= WORK TASK =
Find all lines in the listing that include the word "imports", then copy them.
|---|
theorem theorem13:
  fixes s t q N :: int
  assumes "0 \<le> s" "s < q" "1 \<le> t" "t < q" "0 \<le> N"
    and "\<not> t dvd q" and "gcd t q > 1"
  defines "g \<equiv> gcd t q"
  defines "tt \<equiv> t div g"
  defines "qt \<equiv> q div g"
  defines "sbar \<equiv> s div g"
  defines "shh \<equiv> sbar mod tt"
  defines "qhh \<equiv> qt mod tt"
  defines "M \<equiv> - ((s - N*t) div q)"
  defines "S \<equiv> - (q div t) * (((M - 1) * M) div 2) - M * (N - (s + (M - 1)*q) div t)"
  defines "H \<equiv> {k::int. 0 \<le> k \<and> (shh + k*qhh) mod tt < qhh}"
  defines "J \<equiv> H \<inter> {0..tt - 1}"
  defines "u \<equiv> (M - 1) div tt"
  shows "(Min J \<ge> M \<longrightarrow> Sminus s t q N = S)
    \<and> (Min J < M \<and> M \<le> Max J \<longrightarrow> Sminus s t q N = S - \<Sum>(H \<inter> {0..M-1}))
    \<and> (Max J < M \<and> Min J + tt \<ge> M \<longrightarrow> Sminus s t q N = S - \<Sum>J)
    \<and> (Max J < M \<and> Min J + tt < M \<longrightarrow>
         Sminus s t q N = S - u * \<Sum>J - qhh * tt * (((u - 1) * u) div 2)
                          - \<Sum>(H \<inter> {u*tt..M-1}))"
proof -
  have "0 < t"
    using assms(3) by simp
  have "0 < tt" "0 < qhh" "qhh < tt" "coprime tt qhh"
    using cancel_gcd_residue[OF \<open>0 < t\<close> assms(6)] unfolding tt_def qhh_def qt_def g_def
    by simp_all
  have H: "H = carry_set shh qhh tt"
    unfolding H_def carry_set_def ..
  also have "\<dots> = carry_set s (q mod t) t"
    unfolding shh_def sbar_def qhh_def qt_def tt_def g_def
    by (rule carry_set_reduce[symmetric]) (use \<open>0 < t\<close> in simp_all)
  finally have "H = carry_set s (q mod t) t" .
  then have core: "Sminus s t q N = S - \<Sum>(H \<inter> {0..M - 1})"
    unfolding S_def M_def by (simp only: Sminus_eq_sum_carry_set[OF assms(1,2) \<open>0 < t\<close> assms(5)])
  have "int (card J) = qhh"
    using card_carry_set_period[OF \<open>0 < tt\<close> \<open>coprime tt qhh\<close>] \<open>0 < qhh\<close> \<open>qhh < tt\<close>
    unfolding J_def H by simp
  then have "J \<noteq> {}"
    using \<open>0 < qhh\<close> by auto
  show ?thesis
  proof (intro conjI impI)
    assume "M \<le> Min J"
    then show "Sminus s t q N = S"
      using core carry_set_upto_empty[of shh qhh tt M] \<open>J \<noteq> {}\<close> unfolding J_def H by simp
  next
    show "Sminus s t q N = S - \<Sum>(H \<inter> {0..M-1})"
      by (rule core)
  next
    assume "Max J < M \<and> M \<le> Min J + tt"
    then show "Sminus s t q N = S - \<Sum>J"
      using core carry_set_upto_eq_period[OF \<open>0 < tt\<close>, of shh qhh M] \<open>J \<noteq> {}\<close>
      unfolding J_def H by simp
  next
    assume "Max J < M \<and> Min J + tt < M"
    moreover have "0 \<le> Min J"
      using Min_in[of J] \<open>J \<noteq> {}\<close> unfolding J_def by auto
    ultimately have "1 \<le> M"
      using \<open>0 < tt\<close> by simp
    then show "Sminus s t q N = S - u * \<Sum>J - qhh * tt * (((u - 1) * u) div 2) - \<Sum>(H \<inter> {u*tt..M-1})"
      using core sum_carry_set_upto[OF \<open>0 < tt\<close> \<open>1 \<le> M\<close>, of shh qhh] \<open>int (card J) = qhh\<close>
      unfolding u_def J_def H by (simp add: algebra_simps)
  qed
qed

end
|---|
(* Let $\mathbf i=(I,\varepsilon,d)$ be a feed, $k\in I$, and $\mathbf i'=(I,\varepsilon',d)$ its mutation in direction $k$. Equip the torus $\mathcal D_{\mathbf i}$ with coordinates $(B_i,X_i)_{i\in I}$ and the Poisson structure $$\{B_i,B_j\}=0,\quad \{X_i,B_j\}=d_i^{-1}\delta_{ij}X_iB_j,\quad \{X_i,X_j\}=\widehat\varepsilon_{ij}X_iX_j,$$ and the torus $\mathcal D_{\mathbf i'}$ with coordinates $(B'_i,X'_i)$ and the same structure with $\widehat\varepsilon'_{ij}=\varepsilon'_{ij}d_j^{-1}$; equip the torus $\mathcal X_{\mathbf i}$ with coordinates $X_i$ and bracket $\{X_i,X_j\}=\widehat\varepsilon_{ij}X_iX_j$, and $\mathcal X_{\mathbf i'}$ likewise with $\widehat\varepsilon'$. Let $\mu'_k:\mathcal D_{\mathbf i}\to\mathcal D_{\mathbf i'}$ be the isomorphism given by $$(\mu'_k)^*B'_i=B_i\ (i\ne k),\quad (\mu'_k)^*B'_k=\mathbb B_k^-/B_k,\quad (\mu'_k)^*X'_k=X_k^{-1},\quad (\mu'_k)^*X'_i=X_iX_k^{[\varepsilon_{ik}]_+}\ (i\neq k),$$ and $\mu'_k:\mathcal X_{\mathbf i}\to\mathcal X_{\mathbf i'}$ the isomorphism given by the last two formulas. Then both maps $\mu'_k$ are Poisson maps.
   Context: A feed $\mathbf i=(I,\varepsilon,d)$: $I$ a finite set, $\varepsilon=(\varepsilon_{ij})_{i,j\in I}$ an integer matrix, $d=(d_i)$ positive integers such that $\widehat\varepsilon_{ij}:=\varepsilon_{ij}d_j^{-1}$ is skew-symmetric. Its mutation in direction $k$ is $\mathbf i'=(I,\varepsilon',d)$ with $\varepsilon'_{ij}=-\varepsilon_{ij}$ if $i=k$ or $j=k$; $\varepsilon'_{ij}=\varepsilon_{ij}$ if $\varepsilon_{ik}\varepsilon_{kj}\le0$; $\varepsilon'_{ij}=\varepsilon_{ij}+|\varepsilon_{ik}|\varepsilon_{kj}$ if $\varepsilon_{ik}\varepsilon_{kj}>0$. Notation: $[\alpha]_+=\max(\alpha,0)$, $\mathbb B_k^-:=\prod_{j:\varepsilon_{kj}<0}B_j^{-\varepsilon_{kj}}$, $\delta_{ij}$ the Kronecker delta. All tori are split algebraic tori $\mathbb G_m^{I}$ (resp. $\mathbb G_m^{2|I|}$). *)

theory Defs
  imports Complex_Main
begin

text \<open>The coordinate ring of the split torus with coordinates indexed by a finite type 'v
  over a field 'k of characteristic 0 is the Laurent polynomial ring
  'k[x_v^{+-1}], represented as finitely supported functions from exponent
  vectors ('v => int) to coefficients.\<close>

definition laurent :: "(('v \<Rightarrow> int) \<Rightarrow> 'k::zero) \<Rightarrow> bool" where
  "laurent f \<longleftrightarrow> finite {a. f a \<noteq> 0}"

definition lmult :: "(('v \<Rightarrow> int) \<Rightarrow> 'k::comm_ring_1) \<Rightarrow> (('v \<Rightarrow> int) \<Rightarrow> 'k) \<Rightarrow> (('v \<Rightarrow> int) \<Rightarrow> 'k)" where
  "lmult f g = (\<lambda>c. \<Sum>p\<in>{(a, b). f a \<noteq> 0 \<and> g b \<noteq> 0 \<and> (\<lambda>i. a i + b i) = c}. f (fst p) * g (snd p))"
|---|
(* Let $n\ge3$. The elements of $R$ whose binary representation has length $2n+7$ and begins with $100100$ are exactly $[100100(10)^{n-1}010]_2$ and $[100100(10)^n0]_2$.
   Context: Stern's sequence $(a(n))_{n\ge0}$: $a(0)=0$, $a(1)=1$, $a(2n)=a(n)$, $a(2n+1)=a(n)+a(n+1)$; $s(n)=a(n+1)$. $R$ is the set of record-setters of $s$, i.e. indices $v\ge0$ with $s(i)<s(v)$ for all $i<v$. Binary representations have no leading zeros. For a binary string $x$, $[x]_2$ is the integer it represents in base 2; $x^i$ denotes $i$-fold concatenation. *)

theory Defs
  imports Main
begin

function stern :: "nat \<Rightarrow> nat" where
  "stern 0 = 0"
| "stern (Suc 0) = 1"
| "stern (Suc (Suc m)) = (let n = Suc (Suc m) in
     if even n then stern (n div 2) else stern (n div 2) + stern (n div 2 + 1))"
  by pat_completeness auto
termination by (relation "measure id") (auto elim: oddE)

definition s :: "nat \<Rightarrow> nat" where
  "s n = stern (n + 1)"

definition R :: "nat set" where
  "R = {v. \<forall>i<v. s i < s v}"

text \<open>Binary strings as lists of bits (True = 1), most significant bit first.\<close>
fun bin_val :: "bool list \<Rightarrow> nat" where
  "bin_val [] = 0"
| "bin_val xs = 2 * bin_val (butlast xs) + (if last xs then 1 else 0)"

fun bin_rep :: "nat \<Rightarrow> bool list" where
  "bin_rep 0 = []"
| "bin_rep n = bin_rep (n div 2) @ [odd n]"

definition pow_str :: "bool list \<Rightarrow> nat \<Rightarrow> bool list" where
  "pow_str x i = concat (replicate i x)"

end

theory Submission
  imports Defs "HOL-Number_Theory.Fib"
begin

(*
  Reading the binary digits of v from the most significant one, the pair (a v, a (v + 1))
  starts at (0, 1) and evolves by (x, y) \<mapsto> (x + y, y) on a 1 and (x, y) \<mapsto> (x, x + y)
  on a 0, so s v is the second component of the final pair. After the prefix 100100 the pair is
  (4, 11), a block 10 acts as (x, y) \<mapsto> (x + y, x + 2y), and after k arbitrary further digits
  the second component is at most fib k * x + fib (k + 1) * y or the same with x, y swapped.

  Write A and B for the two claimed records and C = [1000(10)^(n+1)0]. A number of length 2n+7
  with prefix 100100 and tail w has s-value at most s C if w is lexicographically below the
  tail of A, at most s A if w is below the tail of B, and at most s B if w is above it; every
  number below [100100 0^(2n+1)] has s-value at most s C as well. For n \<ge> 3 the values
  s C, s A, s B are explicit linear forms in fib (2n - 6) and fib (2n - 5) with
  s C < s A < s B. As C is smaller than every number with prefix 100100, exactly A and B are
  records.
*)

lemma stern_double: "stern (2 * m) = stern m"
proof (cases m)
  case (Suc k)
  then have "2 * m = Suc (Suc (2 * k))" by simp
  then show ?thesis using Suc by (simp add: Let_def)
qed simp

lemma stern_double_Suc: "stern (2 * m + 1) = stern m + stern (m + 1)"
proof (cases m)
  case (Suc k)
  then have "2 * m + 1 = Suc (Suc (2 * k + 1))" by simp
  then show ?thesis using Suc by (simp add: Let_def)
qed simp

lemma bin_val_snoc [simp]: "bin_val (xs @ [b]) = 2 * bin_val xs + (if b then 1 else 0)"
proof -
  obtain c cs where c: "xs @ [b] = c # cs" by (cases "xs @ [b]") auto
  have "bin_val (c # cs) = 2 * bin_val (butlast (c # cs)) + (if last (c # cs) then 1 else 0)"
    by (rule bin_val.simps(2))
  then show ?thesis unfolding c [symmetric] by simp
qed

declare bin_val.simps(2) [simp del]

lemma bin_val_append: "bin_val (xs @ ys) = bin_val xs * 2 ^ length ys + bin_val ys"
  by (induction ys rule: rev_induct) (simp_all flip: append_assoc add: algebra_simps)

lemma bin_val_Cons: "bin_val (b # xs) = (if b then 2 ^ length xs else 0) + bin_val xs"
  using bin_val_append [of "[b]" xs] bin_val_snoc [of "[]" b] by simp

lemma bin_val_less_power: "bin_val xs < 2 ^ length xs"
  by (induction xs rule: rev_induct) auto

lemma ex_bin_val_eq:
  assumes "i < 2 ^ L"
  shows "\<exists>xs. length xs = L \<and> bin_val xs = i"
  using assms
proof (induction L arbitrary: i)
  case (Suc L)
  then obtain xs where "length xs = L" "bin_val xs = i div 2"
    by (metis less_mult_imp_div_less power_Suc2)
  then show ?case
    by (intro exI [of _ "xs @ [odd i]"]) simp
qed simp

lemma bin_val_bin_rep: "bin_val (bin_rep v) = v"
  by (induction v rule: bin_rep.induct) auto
|---|
= RESPONSE TO THIS TASK =
  imports Complex_Main
  imports Main
  imports Defs "HOL-Number_Theory.Fib"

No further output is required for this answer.